Career Site Outage
Incident Report for Symphony Talent
Postmortem

What happened?

An automated proxy server configuration update failed to complete successfully which introduced an incomplete IP list into the career website hosting platform backend. This incomplete IP list caused a security process to incorrectly begin flagging legitimate incoming admin users as spam users (because their legitimate source IP’s could not be validated against the incomplete IP list). As a result, any content/sites created by those users was set to inactive - effectively taking the site down during the incident period.

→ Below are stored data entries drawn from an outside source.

lemma exp_le_fraction_happyH_window:
  fixes b m a k :: nat and h :: "nat \<Rightarrow> nat"
  defines "\<mu> \<equiv> digit_mean b h" and "\<sigma> \<equiv> digit_sd b h"
  defines "r \<equiv> \<sigma> * real b powr (real m / 8) / sqrt \<mu> * sqrt (real a)"
  assumes happy: "gen_happy_digits b h" and adm: "admissible b \<mu> \<sigma> m" and "m > 0" "a > 0"
    and k: "real k * \<mu> \<le> real a"
  shows "exp (- 2 * real b powr (- real m / 4))
    \<le> real (card {s. s < b^k \<and> nat \<lceil>real k * \<mu> - r\<rceil> \<le> happyH b h s
                    \<and> happyH b h s \<le> nat \<lfloor>real k * \<mu> + r\<rfloor>}) / real b ^ k"
proof -
  have b: "b > 1"
    using happy by (simp add: gen_happy_digits_def)
  have \<mu>: "\<mu> > 0" "1 \<le> \<mu> * real b" and \<sigma>: "\<sigma> > 0"
    using digit_mean_pos[OF happy] digit_mean_mult_base_ge_1[OF happy] digit_sd_pos[OF happy]
    by (simp_all add: \<mu>_def \<sigma>_def)
  have r_pos: "r > 0"
    unfolding r_def using \<mu> \<sigma> \<open>a > 0\<close> b by simp
  define X where "X = real b powr (real m / 4)"
  define \<beta> where "\<beta> = real b powr (- real m / 4)"
  have X: "4 \<le> X" "\<beta> = 1 / X"
    using admissible_quarter_powr_ge_4[OF adm b \<open>m > 0\<close> \<mu>(1) less_imp_le[OF \<sigma>] \<mu>(2)] b
    unfolding X_def \<beta>_def by (simp_all add: powr_minus_divide)
  have "(real b powr (real m / 8))^2 = X"
    unfolding X_def by (simp add: power2_eq_square flip: powr_add)
  then have "r^2 = \<sigma>^2 * X / \<mu> * real a"
    unfolding r_def using \<mu> by (simp add: power_mult_distrib power_divide)
  then have "real k * \<sigma>^2 / r^2 = real k * \<mu> / (real a * X)"
    using \<mu> r_pos \<open>a > 0\<close> X by (simp add: field_simps)
  also have "\<dots> \<le> real a / (real a * X)"
    using k X by (intro divide_right_mono) auto
  also have "\<dots> = \<beta>"
    using \<open>a > 0\<close> X by simp
  finally have "exp (- 2 * \<beta>) \<le> 1 - real k * \<sigma>^2 / r^2"
    using exp_minus_two_mult_le_one_minus[of \<beta>] X by simp
  then have "exp (- 2 * \<beta>) * real b ^ k \<le> (1 - real k * \<sigma>^2 / r^2) * real b ^ k"
    by (rule mult_right_mono) simp
  also have "\<dots> \<le> real (card {s. s < b^k \<and> nat \<lceil>real k * \<mu> - r\<rceil> \<le> happyH b h s
                    \<and> happyH b h s \<le> nat \<lfloor>real k * \<mu> + r\<rfloor>})"
    using card_happyH_window_ge[OF happy r_pos, of k] unfolding \<mu>_def \<sigma>_def
    by (simp only: mult.commute)
  finally show ?thesis
    using b unfolding \<beta>_def by (simp add: pos_le_divide_eq)
qed

lemma exp_minus_le_ratio:
  fixes L \<rho> R :: real
  assumes "0 < L" "0 \<le> \<rho>" "0 < R" "R \<le> L + 2 * \<rho>"
  shows "exp (- (2 * \<rho> / L)) \<le> L / R"
proof -
  have "exp (- (2 * \<rho> / L)) \<le> 1 / (1 + 2 * \<rho> / L)"
    using assms(1,2) by (intro exp_minus_le_inverse_one_plus) simp
  also have "\<dots> = L / (L + 2 * \<rho>)"
    using assms(1) by (simp add: field_simps)
  also have "\<dots> \<le> L / R"
    using assms by (intro divide_left_mono) auto
  finally show ?thesis .
qed

lemma exp_le_length_ratio:
  fixes b m L U V :: nat and c :: real
  assumes "b > 1" "0 \<le> c" "V \<le> U" "real U - real V \<le> 2 * c * real b powr (5 * real m / 8)"
    and L: "real L = real b powr (3 * real m / 4)"
  shows "exp (- 2 * c * real b powr (- real m / 8)) \<le> real L / real (L + U - V)"
proof -
  have L_pos: "0 < real L"
    using L assms(1) by simp
  have R: "real (L + U - V) = real L + real U - real V"
    using assms(3) by (simp add: of_nat_diff)
  have "real b powr (- real m / 8) = real b powr (5 * real m / 8) / real L"
    unfolding L using assms(1) by (simp flip: powr_diff)
  then have "exp (- 2 * c * real b powr (- real m / 8))
      = exp (- (2 * (c * real b powr (5 * real m / 8)) / real L))"
    by simp
  also have "\<dots> \<le> real L / real (L + U - V)"
    using L_pos R assms(2-4) by (intro exp_minus_le_ratio) auto
  finally show ?thesis .
qed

Since some of the affected admin users were core senior staff who had setup customer sites - customer sites were impacted.

What was the impact?

The security process inactivated content/sites associated with the flagged users - resulting in the unplanned inactivation of 15 customer career sites.

Resolution

Automated monitoring immediately began alerting operations staff who identified the root cause of the issue, reactivated sites, corrected the IP config issue, and restored admin users who were marked as spam.

Incident Timeline

10/29/2018 - 12:45pm US EDT - Initial config updated failed.

10/29/2018 - 12:59pm US EDT - Security processes began inactivating sites and monitoring alerts began triggering.

10/29/2018 - 1:25pm US EDT - Root cause identified and remediation begun.

10/29/2018 - 1:37pm US EDT - Affected sites reactivated & caching tier invalidations begun.

10/29/2018 - 2:19pm US EDT - All caching tiers verified as refreshed.

What products / customers were impacted?

Career Websites (X-Cloud Candidate) - Approximately 15 customer career sites

Corrective Actions Undertaken to Prevent Recurrence

The root cause was the automated proxy server configuration update process failure. That has been disabled until a thorough RCA can be completed to find the cause of the partial run and correct with appropriate testing.

Additional quality / verification processes are being considered for Proxy IP update process.

Security tooling is being reviewed to determine if site/content inactivation can be decoupled from user inactive workflows.

Posted 9 months ago. Oct 29, 2018 - 22:26 UTC

Resolved
15 career sites were impacted by a failed proxy configuration update process on 10/29/18. Full details available in post-mortem report.
Posted 9 months ago. Oct 29, 2018 - 17:37 UTC